Managing TI patients with cardiac involvement and PHT, regular transfusion and iron chelation therapy is indicated even without evidence of cardiac siderosis. This suggests that TI patients may still be at risk for iron related cardiac dysfunction through exposure to non-transferrin bound iron [27, 28]. However, only 25% of the studied patients did receive regular blood transfusion, and even among patients with cardiac manifestations only few cases received iron chelation therapy. Sildenafil has been successfully used to treat PHT. However, none of the patients have had received the drug [29]. Hydroxycarbamide may be administered in TI patients in order to minimize, or even obviate, the need for regular transfusions and concomitant iron overload, and eventually minimize the cardiac involvement. Again, only a few cases have been receiving the drug, and with fair outcome and compliance [30].

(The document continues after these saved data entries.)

(* Let $\lambda>0$ and let $\mu,m,g,\varkappa,\sigma_t$ be as described below. Then $$\lim_{t\to\infty}\sigma_t\,t\,g''(\lambda\sigma_t)=-\varkappa\lambda^{-2}\qquad\text{and}\qquad\lim_{t\to\infty}\sigma_t\,g'(\lambda\sigma_t)=0.$$
   Context: $\mu$ is a probability distribution on $(0,1)$, and $m(x)=-\log\mu((x,1))$ for $x\in[0,1)$ is twice differentiable on $[0,1)$ with $m'>0$ and $m''>0$ there, $\lim_{x\uparrow1}m''(x)/(m'(x))^2=0$, $\lim_{x\uparrow1}m''(x)m(x)x/(m'(x))^2=\varkappa$ for some $\varkappa>0$, and $\lim_{x\uparrow1}m(x)/m'(x)=0$. $g=m^{-1}:[0,\infty)\to[0,1)$. For all sufficiently large $t$, $\sigma_t$ denotes the unique solution $x\in[0,t)$ of $(\log g)'(\lambda x)=\frac1{\lambda(t-x)}$. *)

theory Defs
  imports "HOL-Probability.Probability"
begin

end

theory Submission
  imports Defs
begin

(* Put x_t = g(lam sigma_t), so that m(x_t) = lam sigma_t. Since (log g)' = 1/(g * m' o g), the
   saddle point equation reads x_t m'(x_t) = lam (t - sigma_t). Hence lam t = x_t m'(x_t) + m(x_t)
   tends to infinity, which forces x_t -> 1 because m and m' are increasing. With g' = 1/(m' o g)
   and g'' = -(m'' o g)/(m' o g)^3 the two quantities become m/(lam m') and
   -lam^(-2) (m'' m x/m'^2) (1 + m/(x m')) evaluated at x_t, whose limits are the hypotheses. *)

locale increasing_convex_inverse =
  fixes m m' m'' g :: "real \<Rightarrow> real"
  assumes m_zero: "m 0 = 0"
    and m_has_derivative_within:
      "\<And>x. x \<in> {0..<1} \<Longrightarrow> (m has_real_derivative m' x) (at x within {0..<1})"
    and m'_has_derivative_within:
      "\<And>x. x \<in> {0..<1} \<Longrightarrow> (m' has_real_derivative m'' x) (at x within {0..<1})"
    and m'_pos: "\<And>x. x \<in> {0..<1} \<Longrightarrow> m' x > 0"
    and m''_nonneg: "\<And>x. x \<in> {0..<1} \<Longrightarrow> m'' x \<ge> 0"
    and g_inverse: "\<And>y. y \<ge> 0 \<Longrightarrow> g y \<in> {0..<1} \<and> m (g y) = y"
begin

lemma m_has_derivative: "x \<in> {0<..<1} \<Longrightarrow> (m has_real_derivative m' x) (at x)"
  using m_has_derivative_within[of x] at_within_interior[of x "{0..<1}"] by auto

lemma m'_has_derivative: "x \<in> {0<..<1} \<Longrightarrow> (m' has_real_derivative m'' x) (at x)"
  using m'_has_derivative_within[of x] at_within_interior[of x "{0..<1}"] by auto

lemma continuous_on_m: "continuous_on {0..<1} m"
  unfolding continuous_on_eq_continuous_within
  using m_has_derivative_within by (blast intro: DERIV_continuous)

lemma continuous_on_m': "continuous_on {0..<1} m'"
  unfolding continuous_on_eq_continuous_within
  using m'_has_derivative_within by (blast intro: DERIV_continuous)

lemma m_strict_mono: "strict_mono_on {0..<1} m"
proof (rule strict_mono_onI)
  fix x y :: real
  assume xy: "x \<in> {0..<1}" "y \<in> {0..<1}" "x < y"
  show "m x < m y"
  proof (rule DERIV_pos_imp_increasing_open[OF \<open>x < y\<close>])
    show "\<exists>d. (m has_real_derivative d) (at z) \<and> d > 0" if "x < z" "z < y" for z
      using that xy m_has_derivative[of z] m'_pos[of z] by auto
    show "continuous_on {x..y} m"
      by (rule continuous_on_subset[OF continuous_on_m]) (use xy in auto)
  qed
qed

lemma m'_mono: "mono_on {0..<1} m'"
proof (rule mono_onI)
  fix x y :: real
  assume xy: "x \<in> {0..<1}" "y \<in> {0..<1}" "x \<le> y"
  show "m' x \<le> m' y"
  proof (rule DERIV_nonneg_imp_increasing_open[OF \<open>x \<le> y\<close>])
    show "\<exists>d. (m' has_real_derivative d) (at z) \<and> d \<ge> 0" if "x < z" "z < y" for z
      using that xy m'_has_derivative[of z] m''_nonneg[of z] by auto
    show "continuous_on {x..y} m'"
      by (rule continuous_on_subset[OF continuous_on_m']) (use xy in auto)
  qed
qed

lemma m_nonneg: "x \<in> {0..<1} \<Longrightarrow> m x \<ge> 0"
  using strict_mono_onD[OF m_strict_mono, of 0 x] m_zero by (cases "x = 0") auto

lemma g_m:
  assumes "x \<in> {0..<1}"
  shows "g (m x) = x"
proof -
  have "g (m x) \<in> {0..<1}" "m (g (m x)) = m x"
    using g_inverse[OF m_nonneg[OF assms]] by auto
  then show ?thesis
    using inj_onD[OF strict_mono_on_imp_inj_on[OF m_strict_mono]] assms by blast
qed

lemma g_pos: "y > 0 \<Longrightarrow> g y \<in> {0<..<1}"
  using g_inverse[of y] m_zero by (cases "g y = 0") auto

lemma g_has_derivative:
  assumes "y > 0"
  shows "(g has_real_derivative 1 / m' (g y)) (at y)"
proof -
  have gy: "g y \<in> {0<..<1}"
    using g_pos[OF assms] .
  then obtain a b where ab: "0 < a" "a < g y" "g y < b" "b < 1"
    by (metis dense greaterThanLessThan_iff)
  have "isCont g (m (g y))"
  proof (rule isCont_inverse_function2[OF ab(2,3)])
    show "g (m z) = z" if "a \<le> z" "z \<le> b" for z
      using g_m that ab by simp
    show "isCont m z" if "a \<le> z" "z \<le> b" for z
      using m_has_derivative[of z] that ab by (simp add: DERIV_isCont)
  qed
  have "(g has_real_derivative inverse (m' (g y))) (at y)"
  proof (rule DERIV_inverse_function[where a=0 and b="y + 1"])
    show "(m has_real_derivative m' (g y)) (at (g y))"
      using m_has_derivative gy .
    show "m' (g y) \<noteq> 0"
      using m'_pos[of "g y"] gy by simp
    show "m (g z) = z" if "0 < z" "z < y + 1" for z
      using g_inverse that by simp
    show "isCont g y"
      using \<open>isCont g (m (g y))\<close> g_inverse assms by simp
  qed (use assms in auto)
  then show ?thesis
    by (simp add: inverse_eq_divide)
qed

lemma deriv_g: "y > 0 \<Longrightarrow> deriv g y = 1 / m' (g y)"
  by (rule DERIV_imp_deriv[OF g_has_derivative])

lemma deriv_deriv_g:
  assumes "y > 0"
  shows "deriv (deriv g) y = - m'' (g y) / m' (g y) ^ 3"
proof -
  have gy: "g y \<in> {0<..<1}"
    using g_pos[OF assms] .
  then have nz: "m' (g y) \<noteq> 0"
    using m'_pos[of "g y"] by simp
  have "((\<lambda>y. 1 / m' (g y)) has_real_derivative - m'' (g y) / m' (g y) ^ 3) (at y)"
    using DERIV_chain2[OF m'_has_derivative[OF gy] g_has_derivative[OF assms]] nz
    by (auto intro!: derivative_eq_intros simp: power2_eq_square power3_eq_cube)
  then have "(deriv g has_real_derivative - m'' (g y) / m' (g y) ^ 3) (at y)"
    by (rule has_field_derivative_transform_within_open[where S="{0<..}"])
      (use assms deriv_g in auto)
  then show ?thesis
    by (rule DERIV_imp_deriv)
qed

lemma deriv_ln_g: "y > 0 \<Longrightarrow> deriv (\<lambda>y. ln (g y)) y = 1 / (g y * m' (g y))"
  using DERIV_chain2[OF DERIV_ln g_has_derivative, of y] g_pos[of y]
  by (intro DERIV_imp_deriv) (auto simp: field_simps)

lemma filterlim_at_left_one:
  fixes x :: "'a \<Rightarrow> real"
  assumes unbounded: "filterlim (\<lambda>t. x t * m' (x t) + m (x t)) at_top F"
    and range: "eventually (\<lambda>t. x t \<in> {0..<1}) F"
  shows "filterlim x (at_left 1) F"
  unfolding filterlim_at
proof (intro conjI order_tendstoI)
  show "eventually (\<lambda>t. x t \<in> {..<1} \<and> x t \<noteq> 1) F"
    using range by eventually_elim auto
  show "eventually (\<lambda>t. x t < a) F" if "a > 1" for a
    using range by eventually_elim (use that in auto)
  show "eventually (\<lambda>t. a < x t) F" if "a < 1" for a
  proof -
    define b where "b = max a 0"
    have b: "b \<in> {0..<1}"
      using that by (auto simp: b_def)
    have "eventually (\<lambda>t. x t * m' (x t) + m (x t) > m' b + m b) F"
      using unbounded by (simp add: filterlim_at_top_dense)
    with range show ?thesis
    proof eventually_elim
      case (elim t)
      have "x t * m' (x t) + m (x t) \<le> m' b + m b" if "x t \<le> b"
      proof -
        have "x t * m' (x t) \<le> m' (x t)"
          using elim m'_pos[of "x t"] by (intro mult_left_le_one_le) auto
        also have "\<dots> \<le> m' b"
          using mono_onD[OF m'_mono] elim b that by blast
        finally show ?thesis
          using strict_mono_onD[OF m_strict_mono, of "x t" b] elim b that
          by (cases "x t = b") auto
      qed
      then show ?case
        using elim by (force simp: b_def)
    qed
  qed
qed

lemma saddle_point_equation:
  assumes "lam > 0" "s > 0"
    and "deriv (\<lambda>y. ln (g y)) (lam * s) = 1 / (lam * (t - s))"
  shows "g (lam * s) * m' (g (lam * s)) = lam * (t - s)"
  using assms deriv_ln_g[of "lam * s"] by simp

lemma scaled_deriv_g:
  assumes "lam > 0" "s > 0"
  defines "x \<equiv> g (lam * s)"
  shows "s * deriv g (lam * s) = m x / m' x / lam"
  using assms g_inverse[of "lam * s"] deriv_g[of "lam * s"] by (simp add: field_simps)

lemma scaled_deriv_deriv_g:
  assumes lam: "lam > 0" and s: "s > 0"
    and saddle: "deriv (\<lambda>y. ln (g y)) (lam * s) = 1 / (lam * (t - s))"
  defines "x \<equiv> g (lam * s)"
  shows "s * t * deriv (deriv g) (lam * s)
    = - (m'' x * m x * x / (m' x)\<^sup>2) * (1 + m x / m' x / x) / lam\<^sup>2"
proof -
  have x: "x \<in> {0<..<1}"
    using g_pos lam s by (simp add: x_def)
  have s_eq: "s = m x / lam"
    using g_inverse[of "lam * s"] lam s by (simp add: x_def)
  have t_eq: "t = (x * m' x + m x) / lam"
    using saddle_point_equation[OF lam s saddle] g_inverse[of "lam * s"] lam s
    by (simp add: x_def field_simps)
  have "m' x \<noteq> 0"
    using m'_pos[of x] x by simp
  have "s * t * deriv (deriv g) (lam * s) = s * t * (- m'' x / m' x ^ 3)"
    using deriv_deriv_g[of "lam * s"] lam s by (simp add: x_def)
  also have "\<dots> = m x / lam * ((x * m' x + m x) / lam) * (- m'' x / m' x ^ 3)"
    using s_eq t_eq by simp
  also have "\<dots> = - (m'' x * m x * x / (m' x)\<^sup>2) * (1 + m x / m' x / x) / lam\<^sup>2"
    using \<open>m' x \<noteq> 0\<close> x lam by (simp add: field_simps power2_eq_square power3_eq_cube)
  finally show ?thesis .
qed

lemma saddle_point_tendsto_one:
  fixes \<sigma> :: "real \<Rightarrow> real"
  assumes lam: "lam > 0"
    and saddle: "eventually (\<lambda>t. \<sigma> t > 0
      \<and> deriv (\<lambda>y. ln (g y)) (lam * \<sigma> t) = 1 / (lam * (t - \<sigma> t))) at_top"
  shows "filterlim (\<lambda>t. g (lam * \<sigma> t)) (at_left 1) at_top"
proof (rule filterlim_at_left_one)
  have "eventually (\<lambda>t. lam * t = g (lam * \<sigma> t) * m' (g (lam * \<sigma> t)) + m (g (lam * \<sigma> t)))
      at_top"
    using saddle
  proof eventually_elim
    case (elim t)
    then show ?case
      using saddle_point_equation[OF lam, of "\<sigma> t" t] g_inverse[of "lam * \<sigma> t"] lam
      by (simp add: algebra_simps)
  qed
  moreover have "filterlim (\<lambda>t. lam * t) at_top at_top"
    by (rule filterlim_tendsto_pos_mult_at_top[OF tendsto_const lam filterlim_ident])
  ultimately show "filterlim (\<lambda>t. g (lam * \<sigma> t) * m' (g (lam * \<sigma> t)) + m (g (lam * \<sigma> t)))
      at_top at_top"
    by (rule filterlim_cong[OF refl refl, THEN iffD1])
  show "eventually (\<lambda>t. g (lam * \<sigma> t) \<in> {0..<1}) at_top"
    using saddle by eventually_elim (use g_inverse lam in simp)
qed

lemma saddle_point_asymptotics:
  fixes \<sigma> :: "real \<Rightarrow> real"
  assumes lam: "lam > 0"
    and kappa: "((\<lambda>x. m'' x * m x * x / (m' x)\<^sup>2) \<longlongrightarrow> \<kappa>) (at_left 1)"
    and ratio: "((\<lambda>x. m x / m' x) \<longlongrightarrow> 0) (at_left 1)"
    and saddle: "eventually (\<lambda>t. \<sigma> t > 0
      \<and> deriv (\<lambda>y. ln (g y)) (lam * \<sigma> t) = 1 / (lam * (t - \<sigma> t))) at_top"
  shows "((\<lambda>t. \<sigma> t * t * deriv (deriv g) (lam * \<sigma> t)) \<longlongrightarrow> - \<kappa> / lam\<^sup>2) at_top"
    and "((\<lambda>t. \<sigma> t * deriv g (lam * \<sigma> t)) \<longlongrightarrow> 0) at_top"
proof -
  define x where "x = (\<lambda>t. g (lam * \<sigma> t))"
  have x_lim: "filterlim x (at_left 1) at_top"
    unfolding x_def using lam saddle by (rule saddle_point_tendsto_one)
  have "((\<lambda>t. m'' (x t) * m (x t) * x t / (m' (x t))\<^sup>2) \<longlongrightarrow> \<kappa>) at_top"
    using filterlim_compose[OF kappa x_lim] by (simp add: o_def)
  moreover have m_ratio: "((\<lambda>t. m (x t) / m' (x t)) \<longlongrightarrow> 0) at_top"
    using filterlim_compose[OF ratio x_lim] by (simp add: o_def)
  moreover have "(x \<longlongrightarrow> 1) at_top"
    using x_lim by (simp add: filterlim_at)
  ultimately have "((\<lambda>t. - (m'' (x t) * m (x t) * x t / (m' (x t))\<^sup>2)
      * (1 + m (x t) / m' (x t) / x t) / lam\<^sup>2) \<longlongrightarrow> - \<kappa> * (1 + 0 / 1) / lam\<^sup>2) at_top"
    by (intro tendsto_intros) (use lam in auto)
  moreover have "eventually (\<lambda>t. - (m'' (x t) * m (x t) * x t / (m' (x t))\<^sup>2)
      * (1 + m (x t) / m' (x t) / x t) / lam\<^sup>2 = \<sigma> t * t * deriv (deriv g) (lam * \<sigma> t)) at_top"
    using saddle by eventually_elim (simp add: x_def scaled_deriv_deriv_g lam)
  ultimately show "((\<lambda>t. \<sigma> t * t * deriv (deriv g) (lam * \<sigma> t)) \<longlongrightarrow> - \<kappa> / lam\<^sup>2) at_top"
    by (simp add: Lim_transform_eventually)
  have "((\<lambda>t. m (x t) / m' (x t) / lam) \<longlongrightarrow> 0 / lam) at_top"
    by (intro tendsto_intros m_ratio) (use lam in simp)
  moreover have "eventually (\<lambda>t. m (x t) / m' (x t) / lam = \<sigma> t * deriv g (lam * \<sigma> t)) at_top"
    using saddle by eventually_elim (simp add: x_def scaled_deriv_g lam)
  ultimately show "((\<lambda>t. \<sigma> t * deriv g (lam * \<sigma> t)) \<longlongrightarrow> 0) at_top"
    by (simp add: Lim_transform_eventually)
qed

end

theorem lemma9:
  fixes \<mu> :: "real measure"
    and m m' m'' g \<sigma> :: "real \<Rightarrow> real"
    and \<kappa> lam :: real
  assumes prob: "prob_space \<mu>"
    and sets_mu: "sets \<mu> = sets borel"
    and supp: "measure \<mu> {0<..<1} = 1"
    and m_def: "\<forall>x\<in>{0..<1}. m x = - ln (measure \<mu> {x<..<1})"
    and m_deriv: "\<forall>x\<in>{0..<1}. (m has_real_derivative m' x) (at x within {0..<1})"
    and m'_deriv: "\<forall>x\<in>{0..<1}. (m' has_real_derivative m'' x) (at x within {0..<1})"
    and m'_pos: "\<forall>x\<in>{0..<1}. m' x > 0"
    and m''_pos: "\<forall>x\<in>{0..<1}. m'' x > 0"
    and lim1: "((\<lambda>x. m'' x / (m' x)\<^sup>2) \<longlongrightarrow> 0) (at_left 1)"
    and lim2: "((\<lambda>x. m'' x * m x * x / (m' x)\<^sup>2) \<longlongrightarrow> \<kappa>) (at_left 1)"
    and kappa_pos: "\<kappa> > 0"
    and lim3: "((\<lambda>x. m x / m' x) \<longlongrightarrow> 0) (at_left 1)"
    and g_inv: "\<forall>y\<ge>0. g y \<in> {0..<1} \<and> m (g y) = y"
    and lambda_pos: "lam > 0"
    and sigma: "eventually (\<lambda>t. \<sigma> t \<in> {0<..<t}
                 \<and> deriv (\<lambda>y. ln (g y)) (lam * \<sigma> t) = 1 / (lam * (t - \<sigma> t))
                 \<and> (\<forall>x\<in>{0<..<t}. deriv (\<lambda>y. ln (g y)) (lam * x) = 1 / (lam * (t - x))
                        \<longrightarrow> x = \<sigma> t)) at_top"
  shows "((\<lambda>t. \<sigma> t * t * deriv (deriv g) (lam * \<sigma> t)) \<longlongrightarrow> - \<kappa> / lam\<^sup>2) at_top
         \<and> ((\<lambda>t. \<sigma> t * deriv g (lam * \<sigma> t)) \<longlongrightarrow> 0) at_top"
proof -
  \<comment> \<open>The measure enters only through m 0 = 0.\<close>
  have "m 0 = 0"
    using m_def supp by simp
  then interpret increasing_convex_inverse m m' m'' g
    using m_deriv m'_deriv m'_pos m''_pos g_inv by unfold_locales (auto simp: less_imp_le)
  have "eventually (\<lambda>t. \<sigma> t > 0
      \<and> deriv (\<lambda>y. ln (g y)) (lam * \<sigma> t) = 1 / (lam * (t - \<sigma> t))) at_top"
    using sigma by eventually_elim auto
  then show ?thesis
    using saddle_point_asymptotics[OF lambda_pos lim2 lim3] by blast
qed

end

The main limitations of this study, which is, to my best knowledge, the first attempt conducted in Iraq on echocardiographic evaluation of TI, include reliance on conventional echocardiography. Other diagnostic tools, such as tissue doppler, speckled tracking echocardiography, cardiac catheterization, and cardiac MRI, were not accessible. The studied sample is relatively small to generalize the outcomes, though it resulted in a correlation between accumulative changes in the clinical characteristics and echocardiographic parameters.

Conclusions

Conventional echocardiography for TI cases is a useful tool for preliminary evaluation of cardiac status. It could uncover many cardiac abnormalities that possibly complicate TI. The abnormalities and the underlying pathophysiology could be targeted in the future.

Authors’ information

The author is a senior cardiologist at Duhok heart center and teaches cardiology at Department of Medicine, University of Duhok, Iraqi Kurdistan.